/---
theorem propositionI1:
  fixes M :: "'w measure" and X :: "nat \<Rightarrow> 'w \<Rightarrow> 'a::finite"
    and P :: "'a \<Rightarrow> 'a \<Rightarrow> real" and \<pi> :: "'a \<Rightarrow> real"
    and x x0 :: 'a and C B :: "'a set" and c :: real
  assumes "markov_chain M X P" and "stochastic P"
    and "irreducible_chain P" and "aperiodic_chain P"
    and "stationary_dist P \<pi>"
    and "measure M {\<omega>\<in>space M. X 0 \<omega> = x0} > 0"
    and "cond_prob_start M X x0 {\<omega>\<in>space M. hit X {x} \<omega> < hit X C \<omega>} \<ge> c"
    and "\<forall>xs. is_path P xs \<and> hd xs = x \<and> last xs \<in> C \<longrightarrow> set xs \<inter> B \<noteq> {}"
  shows "cond_exp_start M X x0 (\<lambda>\<omega>. ennreal_of_enat (hit X C \<omega>))
           \<ge> ennreal (c * \<pi> x / (\<Sum>y\<in>B. \<pi> y))"
proof (cases "c * \<pi> x / (\<Sum>y\<in>B. \<pi> y) \<le> 0")
  case False
  have \<pi>_nonneg: "0 \<le> \<pi> y" for y
    using assms(5) by (simp add: stationary_dist_def)
  have pos: "0 < c * \<pi> x / (\<Sum>y\<in>B. \<pi> y)"
    using False by simp
  then have mass_B: "0 < (\<Sum>y\<in>B. \<pi> y)"
    using sum_nonneg[of B \<pi>] \<pi>_nonneg by (auto simp: zero_less_divide_iff)
  with pos \<pi>_nonneg[of x] have "0 < c"
    by (auto simp: zero_less_divide_iff zero_less_mult_iff)
  have x_notin: "x \<notin> C"
  proof
    assume "x \<in> C"
    with assms(7) have "c \<le> 0"
      by (simp add: cond_prob_hit_first_in)
    with \<open>0 < c\<close> show False by simp
  qed
  have "c \<le> hit_before P x C x0"
    using assms(7) cond_prob_hit_first_le_hit_before[OF assms(1,2,6) x_notin] by simp
  then have "c * \<pi> x / (\<Sum>y\<in>B. \<pi> y) \<le> hit_before P x C x0 * \<pi> x / (\<Sum>y\<in>B. \<pi> y)"
    using mass_B \<pi>_nonneg[of x] by (intro divide_right_mono mult_right_mono) auto
  then show ?thesis
    using cond_exp_hit_ge_hit_before[OF assms(1,2,5,6,8) x_notin mass_B] by (rule order_trans[OF ennreal_leI])
qed (simp add: ennreal_neg)

end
\---
# What is needed
Find the word "with" in the data and copy out each line where it turns up.

# Your response
  with pos \<pi>_nonneg[of x] have "0 < c"
    with assms(7) have "c \<le> 0"
    with \<open>0 < c\<close> show False by simp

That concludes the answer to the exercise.